Блеск глаз, расширенные от действия белладонны зрачки, преувеличенно яркие губы и румянец (кармин ведь мало похож на естественный алый цвет)… Теперь нетрудно догадаться, что горничная на самом деле никакая не горничная, хотя едва ли это лицо куклы способно пробудить в ком-то чувственность. Карие, с золотинками, глаза — вот и всё, что напоминает о девушке, которая пятнадцать минут назад дремала в постели. Уголки красных губ слегка ползут вверх, и эта полуулыбка до того невинна, словно девушка всего лишь по-сестрински исполняет безобидную прихоть уставившегося на неё спутника. Не опуская лица, она закрывает глаза.
Другой бы подумал, что она ожидает поцелуя, однако молчаливый спутник только приближает свечу к её лицу и освещает его то с одной стороны, то с другой. Он как будто изучает каждый дюйм этого воскового лица, каждую складку, каждую чёрточку, надеясь отыскать что-то утерянное, какой-то знак, ответ на вопрос. Удивительный у него взгляд — отчуждённо-сосредоточенный. Такая несказанная невинность бывает написана на лицах людей, страдающих врождённым слабоумием; мужчина словно бы проникает в душу своей спутницы глубже, вычитывает в ней больше, чем нормальные люди. Впрочем, в его чертах нет и следа ненормальности. Это правильное, даже приятное лицо — особенно хороши твёрдые точёные губы; лицо, выражающее безграничную серьёзность и непричастность к этому миру.
С минуту девушка позволяет безмолвному спутнику себя разглядывать. После некоторого колебания мужчина ласково прикасается к её правому виску. Кончики пальцев скользят по щеке вниз, к подбородку, будто лицо её и в самом деле не плоть, а воск, раскрашенный мрамор, посмертная маска. Девушка снова закрывает глаза. Пальцы всё скользят по лицу. Лоб, брови, веки, нос. Мужчина касается губ девушки. Губы не шевелятся.
И тут он падает перед ней на колени, ставит свечу на пол и замирает, уткнувшись в её платье — словно не в силах больше видеть лицо, которое только что осязал, но готов во всём ему покорствовать.
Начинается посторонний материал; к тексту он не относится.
text \<open>If the inscribed ellipsoid of maximal volume missed a point \<open>y\<close> of the \<open>\<surd>n\<close>-dilated
  unit ball, averaging it with the degenerate ellipsoid of a norming functional of \<open>y\<close>
  would increase the volume.\<close>
theorem john_ellipsoid:
  "\<exists>P. transpose P = P \<and> pd P \<and> (\<forall>x. quad_form P x \<le> (N x)\<^sup>2)
      \<and> (\<forall>x. (N x)\<^sup>2 \<le> CARD('n) * quad_form P x)"
proof -
  obtain P where "P \<in> inscribed_ellipsoids" and "det P \<ge> 1"
    and maximal: "\<And>Q. Q \<in> inscribed_ellipsoids \<Longrightarrow> det Q \<le> det P"
    using max_det_inscribed_ellipsoid by blast
  then have sym: "transpose P = P" and "psd P" and inside: "\<And>x. quad_form P x \<le> (N x)\<^sup>2"
    by (auto simp: inscribed_ellipsoids_def)
  have "invertible P" using \<open>det P \<ge> 1\<close> by (simp add: invertible_det_nz)
  then obtain P' where inv: "P ** P' = mat 1" unfolding invertible_def by blast
  have "(N y)\<^sup>2 \<le> CARD('n) * quad_form P y" for y
  proof (rule ccontr)
    define s where "s = sqrt (CARD('n) * quad_form P y)"
    have "0 \<le> quad_form P y" using \<open>psd P\<close> by (simp add: psd_iff_quad_form)
    then have "0 \<le> s" "s\<^sup>2 = CARD('n) * quad_form P y" by (simp_all add: s_def)
    assume "\<not> ?thesis"
    then have "s < N y"
      using nonneg[of y] \<open>0 \<le> quad_form P y\<close> by (simp add: s_def real_less_lsqrt)
    then obtain t where dual: "\<And>x. \<bar>t \<bullet> x\<bar> \<le> N x" and "(s + N y) / 2 < t \<bullet> y"
      using norming_functional[of "(s + N y) / 2" y] \<open>0 \<le> s\<close> by auto
    then have "s < t \<bullet> y" using \<open>s < N y\<close> by simp
    then have "CARD('n) * quad_form P y < (t \<bullet> y)\<^sup>2"
      using \<open>0 \<le> s\<close> \<open>s\<^sup>2 = _\<close> power_strict_mono[of s "t \<bullet> y" 2] by simp
    also have "t \<bullet> y = (P' *v t) \<bullet> (P *v y)"
      using symmetric_inner_swap[OF sym, of "P' *v t" y] by (simp add: matrix_vector_mul_assoc inv inner_commute)
    also have "\<dots>\<^sup>2 \<le> (t \<bullet> (P' *v t)) * quad_form P y"
      using psd_Cauchy_Schwarz[OF sym \<open>psd P\<close>, of "P' *v t" y]
      by (simp add: quad_form_def matrix_vector_mul_assoc inv inner_commute)
    finally have "t \<bullet> (P' *v t) > CARD('n)"
      using \<open>0 \<le> quad_form P y\<close> by (rule mult_right_less_imp_less)
    then obtain d where d: "0 < d" "d < 1" and gain: "det P < det ((1 - d) *\<^sub>R P + d *\<^sub>R outer t t)"
      using det_rank_one_update_increases[OF inv] \<open>det P \<ge> 1\<close> by auto
    have "(1 - d) *\<^sub>R P + d *\<^sub>R outer t t \<in> inscribed_ellipsoids"
      using inscribed_ellipsoids_average_outer[OF \<open>P \<in> inscribed_ellipsoids\<close>] dual d by simp
    from maximal[OF this] gain show False by simp
  qed
  then show ?thesis
    using sym inside symmetric_psd_invertible_imp_pd[OF sym \<open>psd P\<close> \<open>invertible P\<close>] by blast
qed

end

section \<open>Paths and matrix products\<close>

lemma path_in_Nil_iff: "path_in E vs [] \<longleftrightarrow> (\<exists>v. vs = [v])"
  by (auto simp: path_in_def length_Suc_conv)

lemma path_in_Cons_iff:
  "path_in E (v # vs) (l # ls) \<longleftrightarrow> vs \<noteq> [] \<and> (v, hd vs, l) \<in> E \<and> path_in E vs ls"
proof -
  have all_less_Suc: "(\<forall>i < Suc n. P i) \<longleftrightarrow> P 0 \<and> (\<forall>i < n. P (Suc i))" for P n
    by (auto simp: less_Suc_eq_0_disj)
  show ?thesis
    by (cases vs) (auto simp: path_in_def all_less_Suc)
qed

lemma path_in_nonempty: "path_in E vs ls \<Longrightarrow> vs \<noteq> []"
  by (auto simp: path_in_def)

lemma path_in_append:
  assumes "path_in E vs ls" "path_in E ws ms" "last vs = hd ws"
  shows "path_in E (vs @ tl ws) (ls @ ms)"
  using assms
proof (induction ls arbitrary: vs)
  case Nil
  then obtain v where "vs = [v]" by (auto simp: path_in_Nil_iff)
  with Nil.prems path_in_nonempty[OF Nil.prems(2)] show ?case by simp
next
  case (Cons l ls)
  then obtain v vs' where vs: "vs = v # vs'" by (cases vs) (auto simp: path_in_def)
  with Cons.prems have "vs' \<noteq> []" "(v, hd vs', l) \<in> E" "path_in E vs' ls" "last vs' = hd ws"
    by (auto simp: path_in_Cons_iff)
  with Cons.IH[of vs'] Cons.prems(2) show ?case by (simp add: vs path_in_Cons_iff)
qed

lemma path_in_take:
  assumes "path_in E vs ls" "k \<le> length ls"
  shows "path_in E (take (Suc k) vs) (take k ls)"
  using assms by (auto simp: path_in_def min_def)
Девушка не отшатывается, не выказывает удивления. Она долгим взглядом смотрит на голову, лежащую у неё на коленях, потом левой рукой принимается поглаживать завязанные в узел волосы. Тихо-тихо, точно разговаривая сама с собой, она шепчет:
— Ах, Дик. Бедный ты мой, бедный.
Мужчина не отвечает, не двигается. Девушка бережно гладит его, треплет по волосам. Оба молчат. Наконец девушка легонько отстраняет его и поднимается, но лишь затем, чтобы достать из узла нежно-розовую ночную рубашку и юбку. Она расправляет их, собираясь надеть. Мужчина по-прежнему стоит на коленях с опущенной головой. Поза его выражает не то смирение, не то мольбу. Однако при свете стоящей на полу свечи видно: то, на что устремлён его взгляд — столь же заворожённый, как и при созерцании лица девушки, — то, во что он вцепился обеими руками, как утопающий в проплывающую мимо ветку, говорит вовсе не о мольбе или смирении. Штаны его расстёгнуты, а в неподвижных руках он сжимает не ветку, а большой, обнажённый, торчащий пенис. Заметив эту непристойность, девушка не вспыхивает, не возмущается. Она только откладывает ночную рубашку, бесшумно подходит к кровати, где на шершавой подушке рассыпаны фиалки, собирает их и, приблизившись к коленопреклонённому спутнику, небрежно, почти шаловливо швыряет цветы к его ногам. Фиалки сыпятся на руки мужчины, на чудовищный, набухший кровью член.
Мужчина вскидывает голову и вздрагивает, как от боли, при виде аляповато размалёванного лица. На миг взгляды спутников встретились. Девушка обходит мужчину и, приблизившись к двери, распахивает её, словно велит Дику убираться. Придерживая расстёгнутые штаны, Дик встаёт с колен и плетётся к двери. Он даже не привёл в порядок одежду. Девушка берёт свечу и шагает было следом за дверь — посветить ему на тёмной лестнице. Но сквозняк грозит задуть огонёк, и она спешит обратно в комнату, заслоняя пламя ладонью. Сейчас она словно сошла с полотна Шардена. Закрыв дверь, она прислоняется к ней спиной и немигающим взглядом смотрит на кровать, где разложен розовый парчовый наряд. Капли белладонны в её глазах мешаются со слезами, но этого никто не видит.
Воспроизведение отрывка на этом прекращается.